▶ _Study material_
lemma tauB_unit_interval:
  assumes "x \<in> {0..<1}"
  shows "tauB x \<in> {0..<1}"
proof (cases "x = 0")
  case False
  then obtain k where "1 / 2 ^ (k + 1) \<le> x" "x < 1 / 2 ^ k"
    using assms dyadic_interval_exists[of x] by auto
  then show ?thesis
    by (simp add: tauB_dyadic field_simps)
qed simp

lemma funpow_tauB_unit_interval: "x \<in> {0..<1} \<Longrightarrow> (tauB ^^ n) x \<in> {0..<1}"
proof (induction n)
  case (Suc n)
  then show ?case using tauB_unit_interval[OF Suc.IH] by simp
qed simp

section \<open>Preimages under the induced map\<close>

definition tauB_branch :: "nat \<Rightarrow> real \<Rightarrow> real" where
  "tauB_branch k y = (y + 1) / 2 ^ (k + 1)"

lemma tauB_branch_dyadic:
  assumes "y \<in> {0..<1}"
  shows "1 / 2 ^ (k + 1) \<le> tauB_branch k y" "tauB_branch k y < 1 / 2 ^ k"
  using assms by (simp_all add: tauB_branch_def field_simps)

lemma tauB_tauB_branch:
  assumes "y \<in> {0..<1}"
  shows "tauB (tauB_branch k y) = y"
  using tauB_dyadic[OF tauB_branch_dyadic[OF assms]] by (simp add: tauB_branch_def)

lemma tauB_branch_tauB:
  assumes "1 / 2 ^ (k + 1) \<le> x" "x < 1 / 2 ^ k"
  shows "tauB_branch k (tauB x) = x"
  by (simp add: tauB_dyadic[OF assms] tauB_branch_def)

lemma tauB_vimage_eq_branches:
  assumes "A \<subseteq> {0..<1}"
  shows "tauB -` A \<inter> {0..<1} = (tauB -` A \<inter> {0}) \<union> (\<Union>k. tauB_branch k ` A)"
proof (intro equalityI subsetI)
  fix x assume x: "x \<in> tauB -` A \<inter> {0..<1}"
  show "x \<in> (tauB -` A \<inter> {0}) \<union> (\<Union>k. tauB_branch k ` A)"
  proof (cases "x = 0")
    case False
    then obtain k where "1 / 2 ^ (k + 1) \<le> x" "x < 1 / 2 ^ k"
      using x dyadic_interval_exists[of x] by auto
    then have "x = tauB_branch k (tauB x)"
      by (simp add: tauB_branch_tauB)
    then show ?thesis using x by blast
  qed (use x in auto)
next
  fix x assume "x \<in> (tauB -` A \<inter> {0}) \<union> (\<Union>k. tauB_branch k ` A)"
  then show "x \<in> tauB -` A \<inter> {0..<1}"
  proof (elim UnE UN_E imageE)
    fix k y assume y: "y \<in> A" and x: "x = tauB_branch k y"
    have y01: "y \<in> {0..<1}"
      using y assms by auto
    have "1 / 2 ^ (k + 1) \<le> x" "x < 1 / 2 ^ k"
      using tauB_branch_dyadic[OF y01] x by simp_all
    moreover have "(0::real) \<le> 1 / 2 ^ (k + 1)" "(1::real) / 2 ^ k \<le> 1"
      by simp_all
    ultimately have "0 \<le> x" "x < 1"
      by linarith+
    then show ?thesis
      using tauB_tauB_branch[OF y01] x y by simp
  qed auto
qed

lemma tauB_vimage_Int_subset_branches:
  "tauB -` A \<inter> {0..<1} \<inter> {..<1 / 2 ^ m} \<subseteq> {0} \<union> (\<Union>k. tauB_branch (k + m) ` A)"
proof
  fix x assume x: "x \<in> tauB -` A \<inter> {0..<1} \<inter> {..<1 / 2 ^ m}"
  show "x \<in> {0} \<union> (\<Union>k. tauB_branch (k + m) ` A)"
  proof (cases "x = 0")
    case False
    with x have "0 < x" "x < 1"
      by auto
    then obtain j where j: "1 / 2 ^ (j + 1) \<le> x" "x < 1 / 2 ^ j"
      by (rule dyadic_interval_exists)
    moreover have "x < 1 / 2 ^ m"
      using x by simp
    ultimately have "(1::real) / 2 ^ (j + 1) < 1 / 2 ^ m"
      by linarith
    then have "m \<le> j"
      by (simp add: field_simps flip: power_Suc)
    then have "x = tauB_branch ((j - m) + m) (tauB x)"
      using tauB_branch_tauB[OF j] by simp
    then show ?thesis using x by blast
  qed simp
qed
(* Let $f(x)=\frac1n\sum_{i=1}^n f_i(x)$ on $\mathbb{R}^d$, where each $f_i$ is convex, lower bounded and $L_i$-smooth, and let $x^*$ be a minimizer of $f$. Consider SGD with the DecSPS stepsize (defined in the context) with $c_k=\sqrt{k+1}$ for $k\ge0$ and $c_{-1}=c_0$. Then for every $K\ge1$, $$\mathbb{E}[f(\bar x^K)-f(x^* )]\le\frac{2\tilde L D^2+2\hat\sigma_B^2}{\sqrt K},$$ where $D^2:=\max_{k\in[K-1]}\|x^k-x^*\|^2$, $\tilde L:=\max\{\max_iL_i,\frac{1}{2c_0\gamma_b}\}$ and $\bar x^K=\frac1K\sum_{k=0}^{K-1}x^k$.
   Context: Minibatches: fix a batch size $B$; at each iteration $k$ a subset $\mathcal S_k\subseteq[n]$ with $|\mathcal S_k|=B$ is sampled uniformly at random, independently across iterations. For $\mathcal S\subseteq[n]$, $f_{\mathcal S}:=\frac1{|\mathcal S|}\sum_{i\in\mathcal S}f_i$, $f^*_{\mathcal S}:=\inf_xf_{\mathcal S}(x)$, and $\ell^*_{\mathcal S}$ is a given real number with $\ell^*_{\mathcal S}\le f^*_{\mathcal S}$. SGD: $x^{k+1}=x^k-\gamma_k\nabla f_{\mathcal S_k}(x^k)$. DecSPS stepsize: $\gamma_k:=\frac1{c_k}\min\left\{\frac{f_{\mathcal S_k}(x^k)-\ell^*_{\mathcal S_k}}{\|\nabla f_{\mathcal S_k}(x^k)\|^2},\ c_{k-1}\gamma_{k-1}\right\}$ for $k\ge0$, with $c_{-1}=c_0$ and $\gamma_{-1}=\gamma_b>0$ a fixed constant; if $\nabla f_{\mathcal S_k}(x^k)=0$ the iterate is not updated. $\hat\sigma_B^2:=\mathbb{E}_{\mathcal S}[f_{\mathcal S}(x^* )-\ell^*_{\mathcal S}]$ with $\mathcal S$ uniform over subsets of size $B$. $[K-1]$ denotes $\{0,\dots,K-1\}$. *)

theory Defs
  imports "HOL-Analysis.Analysis" "HOL-Probability.Probability"
begin

text \<open>Components are indexed by 0..<n (the paper uses 1..n).\<close>

definition favg :: "(nat \<Rightarrow> 'a \<Rightarrow> real) \<Rightarrow> nat \<Rightarrow> 'a \<Rightarrow> real" where
  "favg f n x = (\<Sum>i<n. f i x) / real n"

definition fS :: "(nat \<Rightarrow> 'a \<Rightarrow> real) \<Rightarrow> nat set \<Rightarrow> 'a \<Rightarrow> real" where
  "fS f S x = (\<Sum>i\<in>S. f i x) / real (card S)"

definition gS :: "(nat \<Rightarrow> 'a \<Rightarrow> 'a::real_vector) \<Rightarrow> nat set \<Rightarrow> 'a \<Rightarrow> 'a" where
  "gS g S x = (1 / real (card S)) *\<^sub>R (\<Sum>i\<in>S. g i x)"

definition batches :: "nat \<Rightarrow> nat \<Rightarrow> nat set set" where
  "batches n B = {S. S \<subseteq> {0..<n} \<and> card S = B}"

text \<open>Sample space for K iterations: independent uniform batches S_0..S_{K-1}.\<close>
definition samples :: "nat \<Rightarrow> nat \<Rightarrow> nat \<Rightarrow> (nat \<Rightarrow> nat set) set" where
  "samples n B K = {0..<K} \<rightarrow>\<^sub>E batches n B"

text \<open>DecSPS parameters c_k = sqrt(k+1); c_{k-1} at k = 0 is c_0 by nat subtraction.\<close>
definition cdec :: "nat \<Rightarrow> real" where
  "cdec k = sqrt (real k + 1)"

▶ _Activity_
Please print the lines from the start of the records up to and including the line with "using tauB_branch_dyadic[OF y01]", copying each one exactly and leaving out the rest.

▶ _Answer to this task_
lemma tauB_unit_interval:
  assumes "x \<in> {0..<1}"
  shows "tauB x \<in> {0..<1}"
proof (cases "x = 0")
  case False
  then obtain k where "1 / 2 ^ (k + 1) \<le> x" "x < 1 / 2 ^ k"
    using assms dyadic_interval_exists[of x] by auto
  then show ?thesis
    by (simp add: tauB_dyadic field_simps)
qed simp

lemma funpow_tauB_unit_interval: "x \<in> {0..<1} \<Longrightarrow> (tauB ^^ n) x \<in> {0..<1}"
proof (induction n)
  case (Suc n)
  then show ?case using tauB_unit_interval[OF Suc.IH] by simp
qed simp

section \<open>Preimages under the induced map\<close>

definition tauB_branch :: "nat \<Rightarrow> real \<Rightarrow> real" where
  "tauB_branch k y = (y + 1) / 2 ^ (k + 1)"

lemma tauB_branch_dyadic:
  assumes "y \<in> {0..<1}"
  shows "1 / 2 ^ (k + 1) \<le> tauB_branch k y" "tauB_branch k y < 1 / 2 ^ k"
  using assms by (simp_all add: tauB_branch_def field_simps)

lemma tauB_tauB_branch:
  assumes "y \<in> {0..<1}"
  shows "tauB (tauB_branch k y) = y"
  using tauB_dyadic[OF tauB_branch_dyadic[OF assms]] by (simp add: tauB_branch_def)

lemma tauB_branch_tauB:
  assumes "1 / 2 ^ (k + 1) \<le> x" "x < 1 / 2 ^ k"
  shows "tauB_branch k (tauB x) = x"
  by (simp add: tauB_dyadic[OF assms] tauB_branch_def)

lemma tauB_vimage_eq_branches:
  assumes "A \<subseteq> {0..<1}"
  shows "tauB -` A \<inter> {0..<1} = (tauB -` A \<inter> {0}) \<union> (\<Union>k. tauB_branch k ` A)"
proof (intro equalityI subsetI)
  fix x assume x: "x \<in> tauB -` A \<inter> {0..<1}"
  show "x \<in> (tauB -` A \<inter> {0}) \<union> (\<Union>k. tauB_branch k ` A)"
  proof (cases "x = 0")
    case False
    then obtain k where "1 / 2 ^ (k + 1) \<le> x" "x < 1 / 2 ^ k"
      using x dyadic_interval_exists[of x] by auto
    then have "x = tauB_branch k (tauB x)"
      by (simp add: tauB_branch_tauB)
    then show ?thesis using x by blast
  qed (use x in auto)
next
  fix x assume "x \<in> (tauB -` A \<inter> {0}) \<union> (\<Union>k. tauB_branch k ` A)"
  then show "x \<in> tauB -` A \<inter> {0..<1}"
  proof (elim UnE UN_E imageE)
    fix k y assume y: "y \<in> A" and x: "x = tauB_branch k y"
    have y01: "y \<in> {0..<1}"
      using y assms by auto
    have "1 / 2 ^ (k + 1) \<le> x" "x < 1 / 2 ^ k"
      using tauB_branch_dyadic[OF y01] x by simp_all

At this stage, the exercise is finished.